“All that time in a cage, with only a run out once a day, and a row with the cat! Yes, all that time, and why not? What’s the odds so long as you’re happy? Ha! ha! ha!

“I confess I do dream sometimes of the wild dark forest lands of Australia, and I think at times I would like to lead a life of freedom away in the woods yonder, just as the rooks and the pigeons do. Dash my bill! Dick, but I would make it warm for some of them in the woods—ha! ha! ha!

“Sometimes when the sparrows—they are cheeky enough for anything—come close to my cage, I give vent to what master calls my war-cry, and they almost drop dead with fright.

“‘Scray!’ that’s my war-cry, and it is louder than a railway whistle, and shriller than a bagpipe.
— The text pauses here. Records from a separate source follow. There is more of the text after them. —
(* Let $m\ge2$, let $U\subset\mathbb C$ be an open disk, and let $(u,\boldsymbol x)\mapsto g_u(\boldsymbol x)$ belong to $\mathfrak X^m(U)$. Let $\theta>0$. Then the function $$p_u(\boldsymbol x):=f_\theta\big(x_1-\log(1+e^{x_1+x_2})\big)\int_{\mathbb R}g_u(x_1+x_2-y,\,y,\,x_3,\dots,x_m)\,dy$$ also belongs to $\mathfrak X^m(U)$.
   Context: $f_\theta(x)=e^{-\theta x-e^{-x}}$. For an open disk $U\subset\mathbb C$ and $m\in\mathbb Z_{\ge1}$, $\mathfrak X^m(U)$ is the set of measurable functions $U\times\mathbb R^m\ni(u,\boldsymbol x)\mapsto g_u(\boldsymbol x)\in\mathbb C$ such that (1) there exist $C,r>0$ with $|g_u(\boldsymbol x)|\le C\exp(-r\sum_{i=1}^m|x_i|)$ for all $(u,\boldsymbol x)\in U\times\mathbb R^m$, and (2) for each fixed $\boldsymbol x\in\mathbb R^m$, $u\mapsto g_u(\boldsymbol x)$ is holomorphic on $U$. *)

theory Defs
  imports "HOL-Analysis.Analysis"
begin

definition f_theta :: "real \<Rightarrow> real \<Rightarrow> real" where
  "f_theta \<theta> x = exp (- \<theta> * x - exp (- x))"

text \<open>Points of R^m are functions nat => real restricted to the coordinates {..<m}
  (coordinate i-1 of the paper is index i here), i.e. elements of the space of
  PiM {..<m} (\<lambda>_. lborel).\<close>
abbreviation Rm :: "nat \<Rightarrow> (nat \<Rightarrow> real) measure" where
  "Rm m \<equiv> PiM {..<m} (\<lambda>_. lborel)"

definition frakX :: "nat \<Rightarrow> complex set \<Rightarrow> (complex \<Rightarrow> (nat \<Rightarrow> real) \<Rightarrow> complex) set" where
  "frakX m U = {g.
     (\<lambda>(u, x). g u x) \<in> borel_measurable (restrict_space borel U \<Otimes>\<^sub>M Rm m) \<and>
     (\<exists>C r. C > 0 \<and> r > 0 \<and>
        (\<forall>u\<in>U. \<forall>x\<in>space (Rm m). norm (g u x) \<le> C * exp (- r * (\<Sum>i<m. \<bar>x i\<bar>)))) \<and>
     (\<forall>x\<in>space (Rm m). (\<lambda>u. g u x) holomorphic_on U)}"

end

theory Submission
  imports Defs "HOL-Complex_Analysis.Complex_Analysis"
begin

(*
  The inner integral is holomorphic in u by differentiation under the integral sign:
  Cauchy's estimate bounds the difference quotients of u \<mapsto> g u x uniformly by the
  integrable majorant of g, so dominated convergence applies. Since
  |x1 + x2 - y| + |y| \<ge> (|x1 + x2| + |y|) / 2, the integral decays exponentially in
  x1 + x2 and in x3, ..., xm. The weight f_theta(z) decays exponentially in |z| for
  z = x1 - log(1 + e^(x1 + x2)), and since log(1 + e^s) lies between max s 0 and
  max s 0 + 1, the quantities |z| and |x1 + x2| together bound |x1| + |x2|.
*)

lemma tendsto_integral_dominated_at_within:
  fixes s :: "'c::first_countable_topology \<Rightarrow> 'a \<Rightarrow> 'b::{banach, second_countable_topology}"
  assumes meas: "\<And>t. t \<in> S \<Longrightarrow> s t \<in> borel_measurable M"
    and w: "integrable M w"
    and lim: "\<And>x. x \<in> space M \<Longrightarrow> ((\<lambda>t. s t x) \<longlongrightarrow> f x) (at t0 within S)"
    and bound: "\<And>t x. t \<in> S \<Longrightarrow> x \<in> space M \<Longrightarrow> norm (s t x) \<le> w x"
  shows "((\<lambda>t. integral\<^sup>L M (s t)) \<longlongrightarrow> integral\<^sup>L M f) (at t0 within S)"
  unfolding tendsto_at_iff_sequentially comp_def
proof (intro allI impI)
  fix X assume X: "\<forall>i. X i \<in> S - {t0}" "X \<longlonglongrightarrow> t0"
  have lim_X: "(\<lambda>i. s (X i) x) \<longlonglongrightarrow> f x" if "x \<in> space M" for x
    using lim[OF that] X unfolding tendsto_at_iff_sequentially comp_def by blast
  have "f \<in> borel_measurable M"
    by (rule borel_measurable_LIMSEQ_metric[OF _ lim_X]) (use X meas in auto)
  then show "(\<lambda>i. integral\<^sup>L M (s (X i))) \<longlonglongrightarrow> integral\<^sup>L M f"
    by (rule integral_dominated_convergence[OF _ _ w]) (use X meas lim_X bound in auto)
qed

lemma norm_holomorphic_diff_le:
  assumes hol: "f holomorphic_on cball z (2 * \<delta>)" and "\<delta> > 0"
    and bound: "\<And>w. w \<in> cball z (2 * \<delta>) \<Longrightarrow> norm (f w) \<le> b"
    and u: "u \<in> ball z \<delta>"
  shows "norm (f u - f z) \<le> b / \<delta> * norm (u - z)"
proof (rule field_differentiable_bound[OF convex_ball])
  fix w assume w: "w \<in> ball z \<delta>"
  have cball_w: "cball w \<delta> \<subseteq> cball z (2 * \<delta>)"
  proof
    fix t assume "t \<in> cball w \<delta>"
    then show "t \<in> cball z (2 * \<delta>)"
      using w dist_triangle[of z t w] by (simp add: dist_commute)
  qed
  have "norm ((deriv ^^ 1) f w) \<le> fact 1 * b / \<delta> ^ 1"
    using cball_w \<open>\<delta> > 0\<close> bound ball_subset_cball
    by (intro Cauchy_inequality holomorphic_on_subset[OF hol] holomorphic_on_imp_continuous_on)
       (auto simp: dist_norm)
  then show "norm (deriv f w) \<le> b / \<delta>"
    by simp
  have "f holomorphic_on ball z (2 * \<delta>)"
    using hol ball_subset_cball holomorphic_on_subset by blast
  moreover have "w \<in> ball z (2 * \<delta>)"
    using w \<open>\<delta> > 0\<close> by auto
  ultimately show "(f has_field_derivative deriv f w) (at w within ball z \<delta>)"
    by (rule has_field_derivative_at_within[OF holomorphic_derivI[OF _ open_ball]])
qed (use u \<open>\<delta> > 0\<close> in auto)

lemma norm_difference_quotient_le:
  assumes "f holomorphic_on cball z (2 * \<delta>)" and "\<delta> > 0"
    and bound: "\<And>w. w \<in> cball z (2 * \<delta>) \<Longrightarrow> norm (f w) \<le> b"
    and "u \<in> ball z \<delta>"
  shows "norm ((f u - f z) / (u - z)) \<le> b / \<delta>"
proof (cases "u = z")
  case True
  \<comment> \<open>the quotient is 0 here because of division by zero\<close>
  have "norm (f z) \<le> b"
    using bound \<open>\<delta> > 0\<close> by simp
  then have "0 \<le> b"
    using norm_ge_zero order_trans by blast
  with True \<open>\<delta> > 0\<close> show ?thesis
    by simp
next
  case False
  with norm_holomorphic_diff_le[OF assms] show ?thesis
    by (simp add: norm_divide divide_le_eq)
qed

lemma has_field_derivative_lebesgue_integral:
  fixes h :: "complex \<Rightarrow> 'a \<Rightarrow> complex"
  assumes "open U" and u0: "u0 \<in> U"
    and hol: "\<And>y. y \<in> space M \<Longrightarrow> (\<lambda>u. h u y) holomorphic_on U"
    and meas: "\<And>u. u \<in> U \<Longrightarrow> h u \<in> borel_measurable M"
    and B: "integrable M B"
    and bound: "\<And>u y. u \<in> U \<Longrightarrow> y \<in> space M \<Longrightarrow> norm (h u y) \<le> B y"
  shows "((\<lambda>u. LINT y|M. h u y) has_field_derivative (LINT y|M. deriv (\<lambda>u. h u y) u0)) (at u0)"
proof -
  obtain \<epsilon> where "\<epsilon> > 0" "cball u0 \<epsilon> \<subseteq> U"
    using \<open>open U\<close> u0 open_contains_cball by blast
  then obtain \<delta> where \<delta>: "\<delta> > 0" "cball u0 (2 * \<delta>) \<subseteq> U"
    by (metis field_sum_of_halves half_gt_zero mult_2)
  then have ball_U: "ball u0 \<delta> \<subseteq> U"
    by auto
  define q where "q u y = (h u y - h u0 y) / (u - u0)" for u y
  have integrable: "integrable M (h u)" if "u \<in> U" for u
    using B meas[OF that] by (rule Bochner_Integration.integrable_bound)
      (use bound[OF that] in \<open>auto intro: order_trans[OF _ abs_ge_self]\<close>)
  have q_meas: "q u \<in> borel_measurable M" if "u \<in> U" for u
    unfolding q_def using meas[OF that] meas[OF u0] by measurable
  have q_bound: "norm (q u y) \<le> B y / \<delta>" if "u \<in> ball u0 \<delta>" "y \<in> space M" for u y
    unfolding q_def using \<delta> that bound
    by (intro norm_difference_quotient_le holomorphic_on_subset[OF hol]) auto
  have q_lim: "((\<lambda>u. q u y) \<longlongrightarrow> deriv (\<lambda>u. h u y) u0) (at u0 within ball u0 \<delta>)"
    if "y \<in> space M" for y
    using holomorphic_derivI[OF hol[OF that] \<open>open U\<close> u0]
    by (simp add: q_def has_field_derivative_iff tendsto_within_subset)
  have "((\<lambda>u. LINT y|M. q u y) \<longlongrightarrow> (LINT y|M. deriv (\<lambda>u. h u y) u0)) (at u0 within ball u0 \<delta>)"
    using ball_U B q_meas q_lim q_bound
    by (intro tendsto_integral_dominated_at_within[where w = "\<lambda>y. B y / \<delta>"]) auto
  then have "((\<lambda>u. LINT y|M. q u y) \<longlongrightarrow> (LINT y|M. deriv (\<lambda>u. h u y) u0)) (at u0)"
    using at_within_open[of u0 "ball u0 \<delta>"] \<delta>(1) by simp
  moreover have "\<forall>\<^sub>F u in at u0. (LINT y|M. q u y)
      = ((LINT y|M. h u y) - (LINT y|M. h u0 y)) / (u - u0)"
    using eventually_at_in_open'[of "ball u0 \<delta>" u0] \<delta>(1) ball_U u0 integrable
    by (auto simp: q_def integral_diff elim!: eventually_mono)
  ultimately have "((\<lambda>u. ((LINT y|M. h u y) - (LINT y|M. h u0 y)) / (u - u0))
      \<longlongrightarrow> (LINT y|M. deriv (\<lambda>u. h u y) u0)) (at u0)"
    by (rule Lim_transform_eventually)
  then show ?thesis
    by (simp add: has_field_derivative_iff)
qed

lemma holomorphic_on_lebesgue_integral:
  fixes h :: "complex \<Rightarrow> 'a \<Rightarrow> complex"
  assumes "open U"
    and "\<And>y. y \<in> space M \<Longrightarrow> (\<lambda>u. h u y) holomorphic_on U"
    and "\<And>u. u \<in> U \<Longrightarrow> h u \<in> borel_measurable M"
    and "integrable M B"
    and "\<And>u y. u \<in> U \<Longrightarrow> y \<in> space M \<Longrightarrow> norm (h u y) \<le> B y"
  shows "(\<lambda>u. LINT y|M. h u y) holomorphic_on U"
  unfolding holomorphic_on_open[OF assms(1)]
  using has_field_derivative_lebesgue_integral[OF assms(1) _ assms(2-)] by blast

lemma integrable_exp_neg_abs:
  fixes a :: real
  assumes "a > 0"
  shows "integrable lborel (\<lambda>y. exp (- a * \<bar>y\<bar>))"
proof -
  define h where "h = (\<lambda>y::real. indicator {0..} y *\<^sub>R exp (- a * y))"
  have "(\<lambda>y. exp (- a * y)) absolutely_integrable_on {0::real..}"
    using integrable_on_exp_minus_to_infinity[OF assms]
    by (rule nonnegative_absolutely_integrable_1) auto
  then have "integrable lebesgue h"
    unfolding h_def set_integrable_def by simp
  then have "integrable lborel h"
    by (subst (asm) integrable_completion) (auto simp: h_def)
  then have "integrable lborel (\<lambda>y. h y + h (0 + (-1) * y))"
    using lborel_integrable_real_affine[of h "-1" 0] by simp
  then show ?thesis
    by (rule Bochner_Integration.integrable_bound) (auto simp: h_def indicator_def abs_if)
qed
“‘Scray! Scray! Scray—ay—ay!’

“That’s it again.

“Master has just pitched a ‘Bradshaw’ at my cage. I’ll tear that ‘Bradshaw’ to bits first chance I have.

“Master says my war-cry is the worst of me. It is so startling, he says.

“That’s just where it is—what would be the use of a war-cry if it weren’t startling? Eh, Dick?

“Now out in the Australian jungles, this war-cry is the only defence we poor cockatoos have against the venomous snakes.